Bright side: Portable

Newborns have one job: grow. To do this, they basically eat a lot and sleep a lot, so if you want to do things during this chapter of your baby, it’s not impossible. Pop them in a bassinet and presto! It’s practically just like before–sleep deprivation and possible trauma to your body, notwithstanding. Once they’ve gotten a semblance of an immune system, take them to the movies or fancy dinner or a coffee shop—they’ll sleep through it all, only waking up for a little milk now and then.

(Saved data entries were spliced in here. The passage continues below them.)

lemma sw_B1_mult_antipode_B2:
  assumes g: "bilin_map g"
  shows "sw Delta g (B1 x * S (B2 y))
       = sw Delta (\<lambda>m n. sw Delta (\<lambda>u v. g (B1 m * S (B2 u)) (B1 n * S (B2 v))) y) x"
proof -
  note R = rb_lin_intros lin_bilin_map_left[OF g] lin_bilin_map_right[OF g]
  have "sw Delta g (B1 x * S (B2 y))
      = sw Delta (\<lambda>m n. sw Delta (\<lambda>u v. g (m * u) (n * v)) (S (B2 y))) (B1 x)"
    by (rule sw_mult[OF g])
  also have "\<dots> = sw Delta (\<lambda>m n. sw Delta (\<lambda>u v. g (m * S (B2 u)) (n * S (B2 v))) y) (B1 x)"
  proof (rule sw_cong)
    fix m n
    have "bilin_map (\<lambda>p q. g (m * p) (n * q))" "bilin_map (\<lambda>p q. g (m * S p) (n * S q))"
      by (rule R)+
    then show "sw Delta (\<lambda>u v. g (m * u) (n * v)) (S (B2 y))
        = sw Delta (\<lambda>u v. g (m * S (B2 u)) (n * S (B2 v))) y"
      by (simp only: sw_antipode sw_coalg_hom[OF coalg_hom_B2])
  qed
  also have "\<dots> = sw Delta (\<lambda>m n. sw Delta (\<lambda>u v. g (B1 m * S (B2 u)) (B1 n * S (B2 v))) y) x"
    by (rule sw_coalg_hom[OF coalg_hom_B1]) (rule R)+
  finally show ?thesis .
qed

lemma sw_cocycle:
  assumes g: "bilin_map g"
  shows "sw Delta g (cocycle a) = sw Delta (\<lambda>x y. g (cocycle x) (cocycle y)) a"
proof -
  note R = rb_lin_intros lin_bilin_map_left[OF g] lin_bilin_map_right[OF g]
  have "sw Delta g (cocycle a) = sw Delta (\<lambda>x y. sw Delta g (B1 x * S (B2 y))) a"
    unfolding cocycle_eq by (rule lin_sw[OF lin_sw_Delta[OF g]])
  also have "\<dots> = sw Delta (\<lambda>x y. sw Delta (\<lambda>m n.
      sw Delta (\<lambda>u v. g (B1 m * S (B2 u)) (B1 n * S (B2 v))) y) x) a"
    by (simp only: sw_B1_mult_antipode_B2[OF g])
  also have "\<dots> = sw Delta (\<lambda>x y. sw Delta (\<lambda>u v.
      sw Delta (\<lambda>p q. g (B1 u * S (B2 v)) (B1 p * S (B2 q))) y) x) a"
    by (rule sw_swap_middle) (rule R)+
  also have "\<dots> = sw Delta (\<lambda>x y. g (cocycle x) (cocycle y)) a"
  proof (rule sw_cong)
    fix x y
    have "g (cocycle x) (cocycle y) = sw Delta (\<lambda>u v. g (B1 u * S (B2 v)) (cocycle y)) x"
      unfolding cocycle_eq[of x] by (rule lin_sw) (rule R)+
    also have "\<dots> = sw Delta (\<lambda>u v. sw Delta (\<lambda>p q. g (B1 u * S (B2 v)) (B1 p * S (B2 q))) y) x"
      unfolding cocycle_eq[of y] by (intro sw_cong lin_sw) (rule R)+
    finally show "sw Delta (\<lambda>u v. sw Delta (\<lambda>p q. g (B1 u * S (B2 v)) (B1 p * S (B2 q))) y) x
        = g (cocycle x) (cocycle y)" ..
  qed
  finally show ?thesis .
qed
definition regular_covering_by ::
  "'a topology \<Rightarrow> 'b topology \<Rightarrow> ('a \<Rightarrow> 'b) \<Rightarrow> 'g set \<Rightarrow> ('g \<Rightarrow> 'a \<Rightarrow> 'a) \<Rightarrow> bool" where
  "regular_covering_by X Y p \<Gamma> act \<longleftrightarrow> covering_map X Y p \<and>
    (\<forall>\<gamma>\<in>\<Gamma>. homeomorphic_map X X (act \<gamma>) \<and> (\<forall>x\<in>topspace X. p (act \<gamma> x) = p x)) \<and>
    (\<forall>\<gamma>\<in>\<Gamma>. \<forall>\<delta>\<in>\<Gamma>. \<forall>x\<in>topspace X. act \<gamma> x = act \<delta> x \<longrightarrow> \<gamma> = \<delta>) \<and>
    (\<forall>x\<in>topspace X. \<forall>y\<in>topspace X. p x = p y \<longleftrightarrow> (\<exists>\<gamma>\<in>\<Gamma>. y = act \<gamma> x))"

end

(* Since p is injective on units, an arrow \<gamma> with p \<gamma> = p u is a loop at u, and G^u is exactly
   the preimage of H^(p u); so p restricts to a surjective local homeomorphism G^u -> H^(p u).
   These loops act on G^u by left translation: homeomorphically, preserving p, freely (cancellation)
   and transitively on the fibres of p (if p x = p y then y x^-1 is such a loop). A surjective local
   homeomorphism carrying such an action is a covering: if p is injective on an open U, the
   translates of U are disjoint open sheets whose union is the preimage of p U. The statement for
   G_u is the one for G^u in the opposite groupoids. *)

theory Submission
  imports Defs
begin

Dangers to Productivity: You.

First, babies have the evolutionary skill of mesmerizing you. You can waste a lot of time staring at them. It can be really hard to walk away and let someone else take care of them for an hour or so, even if that someone is their other parent, who would also like some time to stare at them. Third, you are tired. Fourth, you are learning uncountable new skills. Fifth, you are rebuilding your whole life and—dare I say it—sense of self to include this new person.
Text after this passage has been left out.